▶ **Exercise instructions**
Among the entries below, copy every line that carries the word "thesis".
===
section \<open>Isometries into \<open>L\<^sup>2\<close>\<close>

definition l2_isometry :: "'w measure \<Rightarrow> real \<Rightarrow> ('h::real_inner \<Rightarrow> 'w \<Rightarrow> real) \<Rightarrow> bool" where
  "l2_isometry M \<kappa> I \<longleftrightarrow> (\<forall>h. I h \<in> borel_measurable M) \<and> (\<forall>h. integrable M (\<lambda>\<omega>. (I h \<omega>)\<^sup>2)) \<and>
     (\<forall>h k. (\<integral>\<omega>. I h \<omega> * I k \<omega> \<partial>M) = \<kappa> * inner h k)"

lemma integrable_l2_isometry_mult:
  assumes "l2_isometry M \<kappa> I"
  shows "integrable M (\<lambda>\<omega>. I h \<omega> * I k \<omega>)"
proof (rule Bochner_Integration.integrable_bound)
  show "integrable M (\<lambda>\<omega>. (I h \<omega>)\<^sup>2 + (I k \<omega>)\<^sup>2)"
    using assms unfolding l2_isometry_def by (intro Bochner_Integration.integrable_add) auto
  show "(\<lambda>\<omega>. I h \<omega> * I k \<omega>) \<in> borel_measurable M"
    using assms unfolding l2_isometry_def by (intro borel_measurable_times) auto
  have "\<bar>u * v\<bar> \<le> u\<^sup>2 + v\<^sup>2" for u v :: real
    using sum_squares_bound[of u v] sum_squares_bound[of u "- v"] by (simp add: abs_le_iff)
  then show "AE \<omega> in M. norm (I h \<omega> * I k \<omega>) \<le> norm ((I h \<omega>)\<^sup>2 + (I k \<omega>)\<^sup>2)"
    by (simp del: abs_mult)
qed

lemma integral_square_l2_isometry:
  assumes "l2_isometry M \<kappa> I"
  shows "(\<integral>\<omega>. (I h \<omega>)\<^sup>2 \<partial>M) = \<kappa> * (norm h)\<^sup>2"
proof -
  have "(\<integral>\<omega>. (I h \<omega>)\<^sup>2 \<partial>M) = (\<integral>\<omega>. I h \<omega> * I h \<omega> \<partial>M)"
    by (simp add: power2_eq_square)
  also have "\<dots> = \<kappa> * inner h h"
    using assms by (simp add: l2_isometry_def)
  finally show ?thesis
    by (simp add: power2_norm_eq_inner)
qed

lemma l2_isometry_sum_square:
  assumes iso: "l2_isometry M \<kappa> I" and A: "finite A"
  shows "integrable M (\<lambda>\<omega>. (\<Sum>i\<in>A. a i * I (h i) \<omega>)\<^sup>2)"
    "(\<integral>\<omega>. (\<Sum>i\<in>A. a i * I (h i) \<omega>)\<^sup>2 \<partial>M) = \<kappa> * (norm (\<Sum>i\<in>A. a i *\<^sub>R h i))\<^sup>2"
proof -
  have eq: "(\<lambda>\<omega>. (\<Sum>i\<in>A. a i * I (h i) \<omega>)\<^sup>2)
      = (\<lambda>\<omega>. \<Sum>i\<in>A. \<Sum>j\<in>A. (a i * a j) * (I (h i) \<omega> * I (h j) \<omega>))"
    by (auto simp: power2_eq_square sum_product algebra_simps)
  show "integrable M (\<lambda>\<omega>. (\<Sum>i\<in>A. a i * I (h i) \<omega>)\<^sup>2)"
    unfolding eq by (simp add: integrable_l2_isometry_mult[OF iso])
  have "(\<integral>\<omega>. (\<Sum>i\<in>A. a i * I (h i) \<omega>)\<^sup>2 \<partial>M) = (\<Sum>i\<in>A. \<Sum>j\<in>A. (a i * a j) * (\<kappa> * inner (h i) (h j)))"
    using iso unfolding eq l2_isometry_def
    by (simp add: integrable_l2_isometry_mult[OF iso])
  also have "\<dots> = \<kappa> * inner (\<Sum>i\<in>A. a i *\<^sub>R h i) (\<Sum>j\<in>A. a j *\<^sub>R h j)"
    by (simp add: inner_sum_left inner_sum_right sum_distrib_left algebra_simps inner_commute)
  finally show "(\<integral>\<omega>. (\<Sum>i\<in>A. a i * I (h i) \<omega>)\<^sup>2 \<partial>M) = \<kappa> * (norm (\<Sum>i\<in>A. a i *\<^sub>R h i))\<^sup>2"
    by (simp add: power2_norm_eq_inner)
qed

text \<open>The difference of the two sides has vanishing second moment.\<close>
lemma AE_l2_isometry_sum:
  assumes iso: "l2_isometry M \<kappa> I" and A: "finite A"
  shows "AE \<omega> in M. I (\<Sum>i\<in>A. a i *\<^sub>R h i) \<omega> = (\<Sum>i\<in>A. a i * I (h i) \<omega>)"
proof -
  define w where "w = (\<Sum>i\<in>A. a i *\<^sub>R h i)"
  define Z where "Z \<omega> = (\<Sum>i\<in>A. a i * I (h i) \<omega>)" for \<omega>
  have Z: "integrable M (\<lambda>\<omega>. (Z \<omega>)\<^sup>2)" "(\<integral>\<omega>. (Z \<omega>)\<^sup>2 \<partial>M) = \<kappa> * (norm w)\<^sup>2"
    using l2_isometry_sum_square[OF iso A, of a h] unfolding Z_def w_def by auto
  have W: "integrable M (\<lambda>\<omega>. (I w \<omega>)\<^sup>2)" "(\<integral>\<omega>. (I w \<omega>)\<^sup>2 \<partial>M) = \<kappa> * (norm w)\<^sup>2"
    using iso integral_square_l2_isometry[OF iso] by (auto simp: l2_isometry_def)
  have WZ_eq: "(\<lambda>\<omega>. I w \<omega> * Z \<omega>) = (\<lambda>\<omega>. \<Sum>i\<in>A. a i * (I w \<omega> * I (h i) \<omega>))"
    unfolding Z_def by (auto simp: sum_distrib_left algebra_simps)
  have WZ: "integrable M (\<lambda>\<omega>. I w \<omega> * Z \<omega>)"
    unfolding WZ_eq by (simp add: integrable_l2_isometry_mult[OF iso])
  have "(\<integral>\<omega>. I w \<omega> * Z \<omega> \<partial>M) = (\<Sum>i\<in>A. a i * (\<kappa> * inner w (h i)))"
    using iso unfolding WZ_eq l2_isometry_def by (simp add: integrable_l2_isometry_mult[OF iso])
  also have "\<dots> = \<kappa> * inner w (\<Sum>i\<in>A. a i *\<^sub>R h i)"
    by (simp add: inner_sum_right sum_distrib_left algebra_simps)
  also have "\<dots> = \<kappa> * (norm w)\<^sup>2"
    by (simp add: power2_norm_eq_inner flip: w_def)
  finally have WZ_int: "(\<integral>\<omega>. I w \<omega> * Z \<omega> \<partial>M) = \<kappa> * (norm w)\<^sup>2" .
  have sq: "(\<lambda>\<omega>. (I w \<omega> - Z \<omega>)\<^sup>2) = (\<lambda>\<omega>. (I w \<omega>)\<^sup>2 - 2 * (I w \<omega> * Z \<omega>) + (Z \<omega>)\<^sup>2)"
    by (auto simp: power2_diff)
  have "integrable M (\<lambda>\<omega>. (I w \<omega>)\<^sup>2 - 2 * (I w \<omega> * Z \<omega>))"
    using W(1) WZ by (intro Bochner_Integration.integrable_diff) simp_all
  then have int: "integrable M (\<lambda>\<omega>. (I w \<omega> - Z \<omega>)\<^sup>2)"
    unfolding sq using Z(1) by (rule Bochner_Integration.integrable_add)
  have "(\<integral>\<omega>. (I w \<omega> - Z \<omega>)\<^sup>2 \<partial>M) = 0"
    unfolding sq using W Z WZ WZ_int
    by (simp add: integral_add integral_diff integrable_diff integrable_mult_right)
  then have "AE \<omega> in M. (I w \<omega> - Z \<omega>)\<^sup>2 = 0"
    using integral_nonneg_eq_0_iff_AE[OF int] by simp
  then show ?thesis
    unfolding w_def[symmetric] Z_def[symmetric] by eventually_elim simp
qed

lemma AE_l2_isometry_diff:
  assumes "l2_isometry M \<kappa> I"
  shows "AE \<omega> in M. I (u - v) \<omega> = I u \<omega> - I v \<omega>"
  using AE_l2_isometry_sum[OF assms, of "{0::nat, 1}" "\<lambda>i. if i = 0 then 1 else -1" "\<lambda>i. if i = 0 then u else v"]
  by simp

lemma integrable_l2_isometry_diff_square:
  assumes "l2_isometry M \<kappa> I"
  shows "integrable M (\<lambda>\<omega>. (I u \<omega> - I v \<omega>)\<^sup>2)"
  using l2_isometry_sum_square(1)[OF assms, of "{0::nat, 1}" "\<lambda>i. if i = 0 then 1 else -1" "\<lambda>i. if i = 0 then u else v"]
  by simp

lemma (in complete_measure) borel_measurable_AE_eq:
  fixes f g :: "'a \<Rightarrow> real"
  assumes f: "f \<in> borel_measurable M" and ae: "AE x in M. f x = g x"
  shows "g \<in> borel_measurable M"
proof (rule measurableI)
  fix A :: "real set"
  assume "A \<in> sets borel"
  show "g -` A \<inter> space M \<in> sets M"
  proof (rule in_sets_AE)
    show "f -` A \<inter> space M \<in> sets M"
      using f \<open>A \<in> sets borel\<close> by (rule measurable_sets)
    show "AE x in M. (x \<in> f -` A \<inter> space M) = (x \<in> g -` A \<inter> space M)"
      using ae by eventually_elim auto
  qed auto
qed simp

lemma integral_square_AE_eq_l2_isometry:
  assumes iso: "l2_isometry M \<kappa> I" and "Z \<in> borel_measurable M" and Z: "AE \<omega> in M. Z \<omega> = I h \<omega>"
  shows "(\<integral>\<omega>. (Z \<omega>)\<^sup>2 \<partial>M) = \<kappa> * (norm h)\<^sup>2"
proof -
  have "(\<integral>\<omega>. (Z \<omega>)\<^sup>2 \<partial>M) = (\<integral>\<omega>. (I h \<omega>)\<^sup>2 \<partial>M)"
    using iso Z \<open>Z \<in> borel_measurable M\<close> unfolding l2_isometry_def
    by (intro integral_cong_AE) (auto elim: AE_mp)
  also have "\<dots> = \<kappa> * (norm h)\<^sup>2"
    by (rule integral_square_l2_isometry[OF iso])
  finally show ?thesis .
qed

lemma integral_square_AE_eq_l2_isometry_complete:
  assumes iso: "l2_isometry M \<kappa> I" and "complete_measure M" and Z: "AE \<omega> in M. Z \<omega> = I h \<omega>"
  shows "(\<integral>\<omega>. (Z \<omega>)\<^sup>2 \<partial>M) = \<kappa> * (norm h)\<^sup>2"
proof (rule integral_square_AE_eq_l2_isometry[OF iso _ Z])
  have "I h \<in> borel_measurable M"
    using iso by (simp add: l2_isometry_def)
  moreover have "AE \<omega> in M. I h \<omega> = Z \<omega>"
    using Z by (simp add: eq_commute)
  ultimately show "Z \<in> borel_measurable M"
    by (rule complete_measure.borel_measurable_AE_eq[OF \<open>complete_measure M\<close>])
qed

lemma integral_square_increment_l2_isometry:
  assumes iso: "l2_isometry M \<kappa> I" and "complete_measure M"
    and X: "\<And>t. t \<in> {0..1} \<Longrightarrow> AE \<omega> in M. X t \<omega> = I (f t) \<omega>" and "a \<in> {0..1}" "b \<in> {0..1}"
  shows "(\<integral>\<omega>. (X b \<omega> - X a \<omega>)\<^sup>2 \<partial>M) = \<kappa> * (norm (f b - f a))\<^sup>2"
  using X[OF \<open>a \<in> {0..1}\<close>] X[OF \<open>b \<in> {0..1}\<close>] AE_l2_isometry_diff[OF iso, of "f b" "f a"]
  by (intro integral_square_AE_eq_l2_isometry_complete[OF iso \<open>complete_measure M\<close>]) (auto elim: AE_mp)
===
▶ **Exercise result**
  finally show ?thesis
  then show ?thesis
  finally show ?thesis .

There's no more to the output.